Y lo que hay que entender por el disciplinamiento de las sociedades desde el siglo XVIII en Europa no es, por supuesto, que los individuos que forman parte de ellas se vuelvan cada vez más obedientes, ni que aquellas empiecen a asemejarse a cuarteles, escuelas o prisiones, sino que en ellas se ha buscado un ajuste cada vez mejor controlado —cada vez más racional y económico— entre las actividades productivas, las redes de comunicación y el juego de las relaciones de poder.

Abordar el tema del poder por un análisis del «cómo» es, pues, operar, en relación a la suposición de un «Poder» fundamental, varios desplazamientos críticos. Significa adoptar por objeto de análisis las relaciones de poder y no un poder; relaciones de poder que son distintas tanto de las capacidades objetivas como de las relaciones de comunicación; relaciones de poder, en fin, que pueden tomarse en la diversidad de sus encadenamientos con esas capacidades y esas relaciones.
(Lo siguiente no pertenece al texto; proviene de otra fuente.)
theorem mainTheorem6:
  fixes d :: nat and P :: "complex mat \<Rightarrow> complex mat"
  assumes "0 < d" and "quantum_channel d P"
  shows "P ` density_states d = passive_states d \<longleftrightarrow>
    (\<exists>\<psi> :: nat \<Rightarrow> complex vec.
       (\<forall>j<d. \<psi> j \<in> carrier_vec d) \<and>
       (\<forall>j<d. \<forall>k<d. (\<Sum>i<d. cnj (\<psi> j $ i) * \<psi> k $ i) = (if j = k then 1 else 0)) \<and>
       (\<forall>\<rho> \<in> carrier_mat d d.
          P \<rho> = mat d d (\<lambda>(a, b). \<Sum>j<d. qform d \<rho> (\<psi> j) * tau d j $$ (a, b))))"
proof -
  have tau_form: "mat d d (\<lambda>(a, b). \<Sum>j<d. qform d \<rho> (\<psi> j) * tau d j $$ (a, b))
      = tau_mix d (\<lambda>j. qform d \<rho> (\<psi> j))" for \<rho> \<psi>
    by (simp add: tau_mix_def)
  have orth_form: "(\<forall>j<d. \<forall>k<d. (\<Sum>i<d. cnj (\<psi> j $ i) * \<psi> k $ i) = (if j = k then 1 else 0))
      \<longleftrightarrow> orthonormal d (\<lambda>j i. \<psi> j $ i)" for \<psi> :: "nat \<Rightarrow> complex vec"
    by (simp add: orthonormal_def)
  have "passivizing_map d P" if "P ` density_states d = passive_states d"
    using assms(2) that by (simp add: passivizing_map_def quantum_channel_def)
  then show ?thesis
    unfolding tau_form orth_form
    using passivizing_map.exists_orthonormal_measurement passive_image_of_tau_measurement by blast
qed

end
(* For any $\theta\in(0,1)$ there exist $\delta^*>0$ and a nonnegative $2\pi$-periodic function $W_\theta\in W^{1,\infty}$ with $W_\theta(x)=O(|x|^3)$ as $x\to0$ and $W_\theta(x)>0$ for $x\notin2\pi\mathbb Z$, such that the following holds. Let $x_0^*\in(-\delta^*,\delta^* )$, let $x^*(t)=2\arctan\big(e^{-t}\tan(x_0^*/2)\big)$, $\Omega^*(t)=[-\pi-x^*(t),\pi-x^*(t)]$, $\Omega^*_0=\Omega^*(0)$, and let $\varepsilon_0\in C^3(\Omega_0^* )$ with $\varepsilon_0(x)=O(|x|^3)$ as $x\to0$. Then the unique global solution $\varepsilon(t)=e^{tL}\varepsilon_0$ of $$\partial_t\varepsilon=L(\varepsilon)\ \text{ on }\Omega^*(t),\qquad \varepsilon(0)=\varepsilon_0\text{ on }\Omega^*_0,\qquad L(\varepsilon)=2\cos(x)\varepsilon-\sin(x)\partial_x\varepsilon+\sin(x)\int_0^x\varepsilon(t,\bar x)\,d\bar x,$$ satisfies for all $t\ge0$ $$\Big\|\frac{e^{tL}\varepsilon_0}{W_\theta}\Big\|_{L^\infty(\Omega^*(t))}\le e^{-(1-\theta)t}\Big\|\frac{\varepsilon_0}{W_\theta}\Big\|_{L^\infty(\Omega^*_0)}.$$
   Context: $\Omega^*(t)$ is the image of $\Omega_0^*$ under the flow $\dot X=\sin X$, i.e. its endpoints $\pm\pi-x^*(t)$ solve this ODE. *)

theory Defs
  imports "HOL-Analysis.Analysis" "HOL-Library.Landau_Symbols"
begin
2. ¿En qué consiste la especificidad de las relaciones de poder?

El ejercicio del poder no es simplemente una relación entre participantes individuales o colectivos; es un modo de acción de algunos sobre algunos otros. Lo que quiere decir, claro está, que no hay algo como el «Poder» o un «poder» que pueda existir globalmente, masivamente o en estado difuso, concentrado o distribuido: no hay más poder que el ejercido por los «unos» sobre los «otros»; el poder no existe más que en acto, incluso si se inscribe en un campo de posibilidades dispersas que se apoya en estructuras permanentes. Eso quiere decir también que el poder no es del orden del consentimiento; no es en sí mismo renuncia a una libertad, transferencia de derecho, poder de todos y de cada uno delegado a algunos (lo que no impide que el consentimiento pueda ser una condición para que la relación de poder exista y se mantenga); la relación de poder puede ser el efecto de un consentimiento anterior o permanente; no es, en su propia naturaleza, la manifestación de un consenso.
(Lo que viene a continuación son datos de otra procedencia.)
(* Let $r, s, m, n$ be positive integers, let $f: [nm] \rightarrow \{-r,s\}$ be a function, and let $q = \frac{1}{n} f([nm])$. For $1\le i\le m$ let $I_i=\{(i-1)n+1,(i-1)n+2,\dots,in\}$. Then $[nm]$ can be decomposed into $n$ disjoint $(2n-1)$-bounded gap sequences $S_1, S_2, \ldots, S_n$, each of cardinality $m$, such that \[\lambda(q,r,s,m) \le f(S_j) \le \Lambda(q,r,s,m)\] and $|S_j \cap I_i| =1$ for all $1 \le j \le n$ and all $1 \le i \le m$.
   Context: $[N]=\{1,\dots,N\}$; $f(Y)=\sum_{y\in Y}f(y)$. A $d$-bounded gap sequence is a set of integers $a_1<a_2<\dots<a_k$ with $a_{i+1}-a_i\le d$ for all $1\le i\le k-1$. $L(r,s,m)=\{-rx+sy : x,y\in\mathbb{Z}, x,y\ge 0, x+y=m\}$, and for real $q\in[-rm,sm]$, $\lambda(q,r,s,m)=\max\{p\in L(r,s,m): p\le q\}$ and $\Lambda(q,r,s,m)=\min\{p\in L(r,s,m): p\ge q\}$. *)

theory Defs
  imports Complex_Main
begin

definition bounded_gap_seq :: "int \<Rightarrow> int set \<Rightarrow> bool" where
  "bounded_gap_seq d S \<longleftrightarrow> finite S \<and>
     (let xs = sorted_list_of_set S in
        \<forall>i. Suc i < length xs \<longrightarrow> xs ! (Suc i) - xs ! i \<le> d)"

definition Lset :: "int \<Rightarrow> int \<Rightarrow> nat \<Rightarrow> int set" where
  "Lset r s m = {- r * int x + s * int y | x y. x + y = m}"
¿Quiere esto decir que haya que buscar el carácter propio de las relaciones de poder en una violencia que sería su forma primitiva, su secreto permanente y su último recurso —lo que aparece, en última instancia, como su verdad, cuando se ve obligado a quitarse la máscara y mostrarse tal cual es? De hecho, lo que define una relación de poder es un modo de acción que no actúa directa e inmediatamente sobre los otros, sino que actúa sobre la propia acción de éstos. Una acción sobre la acción, sobre acciones eventuales, o actuales, futuras o presentes. Una relación de violencia actúa sobre un cuerpo, sobre cosas: fuerza, pliega, quiebra, destruye; cierra todas las posibilidades; no tiene, pues, en torno a ella otro polo que el de la pasividad; y si encuentra una resistencia no tiene otra opción que intentar reducirla. Una relación de poder, en cambio, se articula sobre dos elementos que le son indispensables para ser precisamente una relación de poder: que «el otro» (aquel sobre el que esta se ejerce) sea claramente reconocido y mantenido hasta el final como sujeto de acción; y que se abra, ante la relación de poder, todo un campo de respuestas, reacciones, efectos e invenciones posibles.

La puesta en juego de relaciones de poder no es más exclusiva del uso de la violencia que de la adquisición de los consentimientos; sin duda ningún ejercicio del poder puede prescindir del uno y de la otra, ni, frecuentemente, de los dos a la vez. Pero, aunque son sus instrumentos o sus efectos, no constituyen su principio ni tampoco su naturaleza. El ejercicio del poder puede suscitar tanta aceptación como se quiera: puede acumular los muertos y protegerse tras todas las amenazas que pueda imaginar. No es en sí mismo una violencia que sepa a veces ocultarse, o un consentimiento que implícitamente se reconduzca. Es un conjunto de acciones sobre acciones posibles: opera sobre el campo de posibilidad en donde viene a inscribirse el comportamiento de sujetos actuantes; incita, induce, disuade, facilita o hace más difícil, amplía o limita, vuelve más o menos probable; en el extremo, obliga o impide absolutamente; pero es siempre una manera de actuar sobre uno o varios sujetos actuantes y sobre lo que hacen o son capaces de hacer. Una acción sobre acciones.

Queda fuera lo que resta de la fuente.